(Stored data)
'''
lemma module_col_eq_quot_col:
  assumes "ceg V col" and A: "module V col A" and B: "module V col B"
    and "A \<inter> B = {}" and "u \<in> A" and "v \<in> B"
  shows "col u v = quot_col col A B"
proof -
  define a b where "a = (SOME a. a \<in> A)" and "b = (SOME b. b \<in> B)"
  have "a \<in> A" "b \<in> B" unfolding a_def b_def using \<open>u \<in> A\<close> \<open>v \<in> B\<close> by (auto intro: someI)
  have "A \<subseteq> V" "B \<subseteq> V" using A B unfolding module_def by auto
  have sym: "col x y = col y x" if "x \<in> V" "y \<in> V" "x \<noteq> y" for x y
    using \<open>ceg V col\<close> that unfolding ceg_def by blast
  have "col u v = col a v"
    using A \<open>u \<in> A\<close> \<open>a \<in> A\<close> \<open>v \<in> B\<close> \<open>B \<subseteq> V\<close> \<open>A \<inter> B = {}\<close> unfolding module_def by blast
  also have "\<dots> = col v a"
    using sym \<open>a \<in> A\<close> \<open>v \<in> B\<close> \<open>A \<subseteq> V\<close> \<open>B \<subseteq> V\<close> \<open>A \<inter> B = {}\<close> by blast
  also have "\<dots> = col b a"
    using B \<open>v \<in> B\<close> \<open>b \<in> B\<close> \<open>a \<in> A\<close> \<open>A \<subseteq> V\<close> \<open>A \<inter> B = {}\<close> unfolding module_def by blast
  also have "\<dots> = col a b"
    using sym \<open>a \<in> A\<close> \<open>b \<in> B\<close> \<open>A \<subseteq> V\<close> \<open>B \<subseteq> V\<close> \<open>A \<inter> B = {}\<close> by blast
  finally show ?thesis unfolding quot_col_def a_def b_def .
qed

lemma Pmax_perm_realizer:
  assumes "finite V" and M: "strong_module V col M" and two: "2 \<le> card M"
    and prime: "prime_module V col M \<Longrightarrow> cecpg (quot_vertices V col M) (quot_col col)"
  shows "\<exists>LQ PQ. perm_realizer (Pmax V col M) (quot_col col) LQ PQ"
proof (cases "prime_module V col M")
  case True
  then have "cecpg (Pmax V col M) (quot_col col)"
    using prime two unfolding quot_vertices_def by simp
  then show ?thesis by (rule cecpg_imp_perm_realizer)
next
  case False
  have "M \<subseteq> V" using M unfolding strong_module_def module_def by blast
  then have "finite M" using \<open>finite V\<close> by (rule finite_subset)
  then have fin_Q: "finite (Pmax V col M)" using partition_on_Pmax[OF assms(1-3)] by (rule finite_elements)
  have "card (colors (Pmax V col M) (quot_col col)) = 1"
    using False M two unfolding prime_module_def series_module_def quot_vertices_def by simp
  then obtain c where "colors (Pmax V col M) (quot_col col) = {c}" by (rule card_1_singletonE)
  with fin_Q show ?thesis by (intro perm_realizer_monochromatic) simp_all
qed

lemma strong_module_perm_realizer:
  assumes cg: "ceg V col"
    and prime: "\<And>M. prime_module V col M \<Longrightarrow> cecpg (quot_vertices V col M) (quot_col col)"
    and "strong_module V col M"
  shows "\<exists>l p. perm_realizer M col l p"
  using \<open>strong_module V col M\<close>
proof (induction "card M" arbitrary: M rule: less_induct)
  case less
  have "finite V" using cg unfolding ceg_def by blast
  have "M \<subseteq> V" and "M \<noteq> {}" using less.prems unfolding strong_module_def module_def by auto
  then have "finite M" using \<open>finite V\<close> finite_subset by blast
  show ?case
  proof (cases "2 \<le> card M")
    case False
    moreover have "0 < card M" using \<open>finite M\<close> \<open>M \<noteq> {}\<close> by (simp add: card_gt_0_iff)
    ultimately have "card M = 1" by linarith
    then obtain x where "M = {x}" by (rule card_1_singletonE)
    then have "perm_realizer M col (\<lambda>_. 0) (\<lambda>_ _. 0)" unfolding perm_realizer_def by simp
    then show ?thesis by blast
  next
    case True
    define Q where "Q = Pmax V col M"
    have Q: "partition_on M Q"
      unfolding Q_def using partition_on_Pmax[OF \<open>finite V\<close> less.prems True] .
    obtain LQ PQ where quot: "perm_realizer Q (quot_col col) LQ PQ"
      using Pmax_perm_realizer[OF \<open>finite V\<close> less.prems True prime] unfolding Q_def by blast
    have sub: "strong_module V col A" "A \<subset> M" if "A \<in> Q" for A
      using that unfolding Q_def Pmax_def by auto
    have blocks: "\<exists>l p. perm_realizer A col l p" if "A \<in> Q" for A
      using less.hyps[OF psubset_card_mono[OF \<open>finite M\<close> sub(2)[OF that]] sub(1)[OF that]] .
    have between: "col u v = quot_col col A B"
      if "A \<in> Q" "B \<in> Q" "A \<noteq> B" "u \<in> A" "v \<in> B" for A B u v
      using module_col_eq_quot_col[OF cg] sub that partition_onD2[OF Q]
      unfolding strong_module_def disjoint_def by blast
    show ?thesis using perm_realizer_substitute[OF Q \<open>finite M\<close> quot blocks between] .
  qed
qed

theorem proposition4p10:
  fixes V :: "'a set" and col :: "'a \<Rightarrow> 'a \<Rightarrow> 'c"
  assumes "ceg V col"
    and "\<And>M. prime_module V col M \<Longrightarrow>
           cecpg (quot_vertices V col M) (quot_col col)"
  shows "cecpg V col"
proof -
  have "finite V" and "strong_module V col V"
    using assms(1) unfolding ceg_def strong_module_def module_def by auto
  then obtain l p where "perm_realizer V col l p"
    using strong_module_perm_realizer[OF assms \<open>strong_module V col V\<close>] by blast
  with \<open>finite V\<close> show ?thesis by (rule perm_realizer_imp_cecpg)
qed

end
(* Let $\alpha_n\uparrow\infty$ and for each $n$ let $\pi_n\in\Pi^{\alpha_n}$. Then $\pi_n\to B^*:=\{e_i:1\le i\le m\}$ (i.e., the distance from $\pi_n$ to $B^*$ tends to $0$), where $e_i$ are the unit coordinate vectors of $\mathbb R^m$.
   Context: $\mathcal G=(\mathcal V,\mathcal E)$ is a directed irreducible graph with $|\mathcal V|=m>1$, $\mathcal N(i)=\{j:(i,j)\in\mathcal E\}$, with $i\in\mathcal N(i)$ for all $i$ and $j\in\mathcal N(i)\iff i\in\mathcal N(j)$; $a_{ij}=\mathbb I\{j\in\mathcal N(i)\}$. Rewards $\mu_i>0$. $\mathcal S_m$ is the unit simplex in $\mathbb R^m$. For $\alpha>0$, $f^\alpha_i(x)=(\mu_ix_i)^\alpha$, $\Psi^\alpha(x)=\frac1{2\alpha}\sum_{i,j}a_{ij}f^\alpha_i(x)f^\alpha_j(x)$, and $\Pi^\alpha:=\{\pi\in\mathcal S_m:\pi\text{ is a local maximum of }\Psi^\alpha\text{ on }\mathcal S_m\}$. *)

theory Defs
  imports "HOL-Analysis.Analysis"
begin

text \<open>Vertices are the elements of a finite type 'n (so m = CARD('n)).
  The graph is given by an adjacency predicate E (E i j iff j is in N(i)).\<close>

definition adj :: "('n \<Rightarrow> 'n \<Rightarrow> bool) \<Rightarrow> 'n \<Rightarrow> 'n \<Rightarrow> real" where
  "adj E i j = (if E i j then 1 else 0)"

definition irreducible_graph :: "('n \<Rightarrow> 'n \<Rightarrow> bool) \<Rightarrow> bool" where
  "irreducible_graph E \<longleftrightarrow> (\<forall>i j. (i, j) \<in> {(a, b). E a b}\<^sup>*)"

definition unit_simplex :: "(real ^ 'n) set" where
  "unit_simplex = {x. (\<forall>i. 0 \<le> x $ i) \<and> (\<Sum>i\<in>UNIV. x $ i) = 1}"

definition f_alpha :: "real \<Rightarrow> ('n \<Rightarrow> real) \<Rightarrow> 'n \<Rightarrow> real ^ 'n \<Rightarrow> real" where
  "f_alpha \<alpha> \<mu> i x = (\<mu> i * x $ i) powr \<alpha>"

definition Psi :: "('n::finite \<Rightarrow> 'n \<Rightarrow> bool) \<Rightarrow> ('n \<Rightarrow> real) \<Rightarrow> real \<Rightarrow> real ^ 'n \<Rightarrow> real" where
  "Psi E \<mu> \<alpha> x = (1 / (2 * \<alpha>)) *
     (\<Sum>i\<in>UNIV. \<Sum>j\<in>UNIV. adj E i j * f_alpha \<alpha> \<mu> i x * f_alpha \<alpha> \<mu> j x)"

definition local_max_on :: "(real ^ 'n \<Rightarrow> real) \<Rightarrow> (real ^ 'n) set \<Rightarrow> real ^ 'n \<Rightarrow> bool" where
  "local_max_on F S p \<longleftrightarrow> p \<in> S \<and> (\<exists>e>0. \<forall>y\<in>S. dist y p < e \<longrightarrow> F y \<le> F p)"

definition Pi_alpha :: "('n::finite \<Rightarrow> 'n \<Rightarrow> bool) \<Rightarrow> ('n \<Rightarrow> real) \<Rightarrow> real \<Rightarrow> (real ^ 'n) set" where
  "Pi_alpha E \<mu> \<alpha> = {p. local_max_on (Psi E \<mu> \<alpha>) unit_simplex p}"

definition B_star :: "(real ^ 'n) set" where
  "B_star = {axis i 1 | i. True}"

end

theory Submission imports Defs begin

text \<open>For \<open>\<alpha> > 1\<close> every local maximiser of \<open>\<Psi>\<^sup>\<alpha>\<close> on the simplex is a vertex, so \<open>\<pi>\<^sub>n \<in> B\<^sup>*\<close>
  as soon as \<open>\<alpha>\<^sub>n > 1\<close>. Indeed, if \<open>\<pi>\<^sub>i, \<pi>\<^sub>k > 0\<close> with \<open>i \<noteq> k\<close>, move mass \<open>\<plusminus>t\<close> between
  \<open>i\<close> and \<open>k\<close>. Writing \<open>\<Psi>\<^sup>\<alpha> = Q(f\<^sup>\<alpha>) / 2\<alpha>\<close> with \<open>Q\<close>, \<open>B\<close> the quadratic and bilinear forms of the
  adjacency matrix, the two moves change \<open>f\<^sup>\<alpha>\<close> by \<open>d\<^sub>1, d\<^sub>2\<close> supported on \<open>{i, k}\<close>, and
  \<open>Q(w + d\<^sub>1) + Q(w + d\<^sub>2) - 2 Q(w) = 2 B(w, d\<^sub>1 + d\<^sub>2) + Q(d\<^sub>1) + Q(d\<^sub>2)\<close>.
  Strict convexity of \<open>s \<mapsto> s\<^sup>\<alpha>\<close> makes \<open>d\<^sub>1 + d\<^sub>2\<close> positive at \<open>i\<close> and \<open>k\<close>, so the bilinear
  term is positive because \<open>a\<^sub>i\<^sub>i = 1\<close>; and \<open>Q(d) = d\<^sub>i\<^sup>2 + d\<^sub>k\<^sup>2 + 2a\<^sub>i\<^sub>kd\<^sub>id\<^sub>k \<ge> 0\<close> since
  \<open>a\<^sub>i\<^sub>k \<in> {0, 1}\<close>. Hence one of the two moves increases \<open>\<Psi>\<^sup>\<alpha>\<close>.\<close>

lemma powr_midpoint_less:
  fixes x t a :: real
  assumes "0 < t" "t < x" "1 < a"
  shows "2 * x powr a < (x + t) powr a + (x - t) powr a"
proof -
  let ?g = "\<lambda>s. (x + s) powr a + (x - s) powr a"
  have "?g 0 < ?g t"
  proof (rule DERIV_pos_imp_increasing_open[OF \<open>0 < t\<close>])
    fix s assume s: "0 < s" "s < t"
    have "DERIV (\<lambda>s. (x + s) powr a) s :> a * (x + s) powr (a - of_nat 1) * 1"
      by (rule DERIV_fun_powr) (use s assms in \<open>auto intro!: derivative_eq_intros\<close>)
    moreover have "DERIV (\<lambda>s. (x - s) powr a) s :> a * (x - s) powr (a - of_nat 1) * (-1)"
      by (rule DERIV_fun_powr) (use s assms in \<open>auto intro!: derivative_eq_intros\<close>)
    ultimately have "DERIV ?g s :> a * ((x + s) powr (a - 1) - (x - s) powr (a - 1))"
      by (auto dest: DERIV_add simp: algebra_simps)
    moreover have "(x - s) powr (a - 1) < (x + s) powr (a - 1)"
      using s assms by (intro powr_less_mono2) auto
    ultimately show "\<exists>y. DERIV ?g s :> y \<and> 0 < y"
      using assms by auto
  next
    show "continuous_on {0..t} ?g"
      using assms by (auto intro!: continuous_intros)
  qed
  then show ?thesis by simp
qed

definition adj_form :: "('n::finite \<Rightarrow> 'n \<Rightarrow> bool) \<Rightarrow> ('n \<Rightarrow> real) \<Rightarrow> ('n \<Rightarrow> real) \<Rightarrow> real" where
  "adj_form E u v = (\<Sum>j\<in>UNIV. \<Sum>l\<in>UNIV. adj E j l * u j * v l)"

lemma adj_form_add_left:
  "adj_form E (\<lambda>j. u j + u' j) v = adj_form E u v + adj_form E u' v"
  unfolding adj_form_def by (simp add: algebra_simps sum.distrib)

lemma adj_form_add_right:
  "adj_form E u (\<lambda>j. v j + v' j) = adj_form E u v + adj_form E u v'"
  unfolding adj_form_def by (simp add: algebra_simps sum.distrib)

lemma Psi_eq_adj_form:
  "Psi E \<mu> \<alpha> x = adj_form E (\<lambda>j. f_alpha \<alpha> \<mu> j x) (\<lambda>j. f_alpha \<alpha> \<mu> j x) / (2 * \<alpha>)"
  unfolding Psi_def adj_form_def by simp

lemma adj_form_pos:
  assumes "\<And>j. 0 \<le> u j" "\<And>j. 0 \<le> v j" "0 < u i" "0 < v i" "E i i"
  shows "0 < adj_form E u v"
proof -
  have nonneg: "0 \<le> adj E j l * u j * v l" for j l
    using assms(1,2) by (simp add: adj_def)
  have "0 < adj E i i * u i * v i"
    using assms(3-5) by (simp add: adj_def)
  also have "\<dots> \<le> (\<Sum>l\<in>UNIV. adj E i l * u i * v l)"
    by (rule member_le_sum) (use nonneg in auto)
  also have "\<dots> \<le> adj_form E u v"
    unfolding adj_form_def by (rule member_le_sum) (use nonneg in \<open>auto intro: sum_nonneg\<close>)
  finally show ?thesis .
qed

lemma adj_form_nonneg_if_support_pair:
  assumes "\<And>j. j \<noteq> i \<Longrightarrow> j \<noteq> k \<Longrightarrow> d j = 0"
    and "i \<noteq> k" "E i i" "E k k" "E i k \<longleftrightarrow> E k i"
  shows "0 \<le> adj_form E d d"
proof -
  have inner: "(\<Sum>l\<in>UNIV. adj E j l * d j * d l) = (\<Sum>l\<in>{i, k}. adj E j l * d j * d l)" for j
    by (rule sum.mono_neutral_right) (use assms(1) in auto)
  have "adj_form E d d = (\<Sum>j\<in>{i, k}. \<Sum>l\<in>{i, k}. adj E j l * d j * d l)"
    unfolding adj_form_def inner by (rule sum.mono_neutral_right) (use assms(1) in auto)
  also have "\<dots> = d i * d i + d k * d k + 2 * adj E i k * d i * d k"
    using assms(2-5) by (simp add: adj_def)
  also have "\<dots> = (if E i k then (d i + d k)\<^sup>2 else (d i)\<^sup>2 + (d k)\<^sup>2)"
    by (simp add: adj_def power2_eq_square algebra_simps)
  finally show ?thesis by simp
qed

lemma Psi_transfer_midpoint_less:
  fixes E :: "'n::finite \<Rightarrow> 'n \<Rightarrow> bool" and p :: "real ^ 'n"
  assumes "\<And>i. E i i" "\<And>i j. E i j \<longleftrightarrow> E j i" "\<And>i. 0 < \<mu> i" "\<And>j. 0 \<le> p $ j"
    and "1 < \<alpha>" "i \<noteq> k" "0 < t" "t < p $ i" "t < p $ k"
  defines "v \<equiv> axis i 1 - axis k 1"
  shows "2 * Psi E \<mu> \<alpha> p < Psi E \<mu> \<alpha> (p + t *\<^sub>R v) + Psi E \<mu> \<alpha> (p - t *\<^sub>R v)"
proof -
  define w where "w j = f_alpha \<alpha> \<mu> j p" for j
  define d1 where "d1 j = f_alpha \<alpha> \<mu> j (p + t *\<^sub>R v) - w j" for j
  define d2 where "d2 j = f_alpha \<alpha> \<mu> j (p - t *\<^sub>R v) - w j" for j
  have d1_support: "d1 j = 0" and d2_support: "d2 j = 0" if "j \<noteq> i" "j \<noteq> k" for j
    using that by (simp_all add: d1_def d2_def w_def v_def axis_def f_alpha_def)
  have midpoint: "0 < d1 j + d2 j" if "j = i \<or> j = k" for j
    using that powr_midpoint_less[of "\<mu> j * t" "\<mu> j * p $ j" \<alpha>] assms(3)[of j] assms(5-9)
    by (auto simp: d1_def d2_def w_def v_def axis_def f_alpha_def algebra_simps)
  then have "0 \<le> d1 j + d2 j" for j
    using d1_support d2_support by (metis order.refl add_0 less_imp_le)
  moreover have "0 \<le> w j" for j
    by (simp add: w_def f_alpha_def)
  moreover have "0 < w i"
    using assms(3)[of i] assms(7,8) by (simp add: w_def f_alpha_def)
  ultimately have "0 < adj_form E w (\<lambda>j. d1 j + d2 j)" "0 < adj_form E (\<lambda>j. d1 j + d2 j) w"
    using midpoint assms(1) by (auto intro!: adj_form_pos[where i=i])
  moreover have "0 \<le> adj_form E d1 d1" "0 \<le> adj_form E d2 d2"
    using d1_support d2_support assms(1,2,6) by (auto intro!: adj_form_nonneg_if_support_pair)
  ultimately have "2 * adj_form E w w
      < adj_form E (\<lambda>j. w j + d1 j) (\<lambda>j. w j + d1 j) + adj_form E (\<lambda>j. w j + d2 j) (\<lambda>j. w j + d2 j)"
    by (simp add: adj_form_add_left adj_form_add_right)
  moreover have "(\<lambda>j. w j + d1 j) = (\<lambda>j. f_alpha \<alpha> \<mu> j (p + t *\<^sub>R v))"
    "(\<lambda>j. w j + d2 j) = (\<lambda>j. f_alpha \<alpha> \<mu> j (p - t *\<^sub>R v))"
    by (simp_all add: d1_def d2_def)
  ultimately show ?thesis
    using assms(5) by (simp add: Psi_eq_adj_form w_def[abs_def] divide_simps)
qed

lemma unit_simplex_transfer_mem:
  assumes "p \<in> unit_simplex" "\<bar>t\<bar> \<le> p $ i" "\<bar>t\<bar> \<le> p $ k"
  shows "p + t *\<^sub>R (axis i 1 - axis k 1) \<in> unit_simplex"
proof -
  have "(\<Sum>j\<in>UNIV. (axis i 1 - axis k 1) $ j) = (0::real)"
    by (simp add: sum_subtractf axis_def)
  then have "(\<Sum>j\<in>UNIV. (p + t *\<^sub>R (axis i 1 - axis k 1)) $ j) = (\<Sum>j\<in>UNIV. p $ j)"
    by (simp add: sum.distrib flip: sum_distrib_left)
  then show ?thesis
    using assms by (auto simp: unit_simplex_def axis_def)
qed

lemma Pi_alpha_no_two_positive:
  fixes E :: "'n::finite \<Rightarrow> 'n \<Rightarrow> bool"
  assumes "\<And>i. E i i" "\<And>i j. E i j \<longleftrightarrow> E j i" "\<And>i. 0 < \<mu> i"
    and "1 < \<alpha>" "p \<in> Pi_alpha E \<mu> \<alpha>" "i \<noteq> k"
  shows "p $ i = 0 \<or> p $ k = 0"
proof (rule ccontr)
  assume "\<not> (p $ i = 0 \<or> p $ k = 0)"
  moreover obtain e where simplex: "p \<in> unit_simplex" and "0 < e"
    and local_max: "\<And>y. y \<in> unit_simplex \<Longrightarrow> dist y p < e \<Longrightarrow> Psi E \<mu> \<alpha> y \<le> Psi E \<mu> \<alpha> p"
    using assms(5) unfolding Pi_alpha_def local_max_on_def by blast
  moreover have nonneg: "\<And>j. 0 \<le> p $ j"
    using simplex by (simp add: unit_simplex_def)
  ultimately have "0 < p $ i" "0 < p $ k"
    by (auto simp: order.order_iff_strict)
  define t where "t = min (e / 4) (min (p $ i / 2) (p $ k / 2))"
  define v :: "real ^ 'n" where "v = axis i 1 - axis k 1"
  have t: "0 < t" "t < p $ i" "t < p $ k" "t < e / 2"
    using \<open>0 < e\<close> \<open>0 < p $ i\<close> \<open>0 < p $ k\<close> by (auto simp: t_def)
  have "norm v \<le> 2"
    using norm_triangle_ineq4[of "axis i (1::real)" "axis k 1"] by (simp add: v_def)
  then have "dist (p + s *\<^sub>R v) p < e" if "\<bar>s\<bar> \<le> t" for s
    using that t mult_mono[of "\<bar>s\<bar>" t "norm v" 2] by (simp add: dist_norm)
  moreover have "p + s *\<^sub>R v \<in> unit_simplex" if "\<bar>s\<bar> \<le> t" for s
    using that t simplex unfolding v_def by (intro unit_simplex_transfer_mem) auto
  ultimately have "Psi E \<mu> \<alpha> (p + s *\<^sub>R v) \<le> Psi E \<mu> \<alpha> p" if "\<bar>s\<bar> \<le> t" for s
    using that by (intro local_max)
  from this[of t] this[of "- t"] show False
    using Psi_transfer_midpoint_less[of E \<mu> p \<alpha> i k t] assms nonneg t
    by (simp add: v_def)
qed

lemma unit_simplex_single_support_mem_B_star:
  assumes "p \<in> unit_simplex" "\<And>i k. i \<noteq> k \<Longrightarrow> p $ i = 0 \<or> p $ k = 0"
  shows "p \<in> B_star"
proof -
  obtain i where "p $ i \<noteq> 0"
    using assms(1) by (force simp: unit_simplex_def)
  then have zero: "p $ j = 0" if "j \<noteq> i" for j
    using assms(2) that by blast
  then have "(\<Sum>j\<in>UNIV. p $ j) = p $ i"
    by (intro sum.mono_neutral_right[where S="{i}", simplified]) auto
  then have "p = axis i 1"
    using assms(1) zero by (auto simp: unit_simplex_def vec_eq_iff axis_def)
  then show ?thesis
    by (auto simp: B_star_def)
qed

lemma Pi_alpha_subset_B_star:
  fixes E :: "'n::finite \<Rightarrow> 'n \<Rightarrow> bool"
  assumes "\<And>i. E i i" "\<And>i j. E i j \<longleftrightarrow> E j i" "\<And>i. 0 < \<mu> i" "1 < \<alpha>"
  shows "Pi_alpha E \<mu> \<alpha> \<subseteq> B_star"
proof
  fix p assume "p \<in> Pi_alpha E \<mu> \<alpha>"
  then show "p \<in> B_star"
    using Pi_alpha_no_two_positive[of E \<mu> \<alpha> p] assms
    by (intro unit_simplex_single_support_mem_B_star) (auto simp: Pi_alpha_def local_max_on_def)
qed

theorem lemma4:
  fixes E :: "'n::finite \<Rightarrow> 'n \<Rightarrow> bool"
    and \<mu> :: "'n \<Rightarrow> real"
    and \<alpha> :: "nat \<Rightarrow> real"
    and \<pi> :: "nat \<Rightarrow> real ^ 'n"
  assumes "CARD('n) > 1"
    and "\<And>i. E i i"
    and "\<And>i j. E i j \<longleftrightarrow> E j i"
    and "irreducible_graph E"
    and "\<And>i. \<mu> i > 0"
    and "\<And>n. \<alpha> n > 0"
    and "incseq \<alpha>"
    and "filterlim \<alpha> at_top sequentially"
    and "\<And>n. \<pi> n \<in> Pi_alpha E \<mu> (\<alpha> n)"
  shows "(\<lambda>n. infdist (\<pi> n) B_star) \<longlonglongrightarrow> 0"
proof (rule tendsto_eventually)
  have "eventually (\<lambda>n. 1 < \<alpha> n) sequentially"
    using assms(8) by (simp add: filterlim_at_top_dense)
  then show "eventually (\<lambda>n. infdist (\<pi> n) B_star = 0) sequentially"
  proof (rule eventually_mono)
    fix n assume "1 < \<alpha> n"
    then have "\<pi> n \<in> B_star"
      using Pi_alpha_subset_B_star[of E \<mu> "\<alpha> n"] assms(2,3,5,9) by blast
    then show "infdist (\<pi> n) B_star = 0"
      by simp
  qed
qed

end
'''
PROBLEM TO SOLVE: Wherever the string "adjacency" appears in the entries, copy that line.

EXERCISE OUTPUT:
  The graph is given by an adjacency predicate E (E i j iff j is in N(i)).\<close>
  adjacency matrix, the two moves change \<open>f\<^sup>\<alpha>\<close> by \<open>d\<^sub>1, d\<^sub>2\<close> supported on \<open>{i, k}\<close>, and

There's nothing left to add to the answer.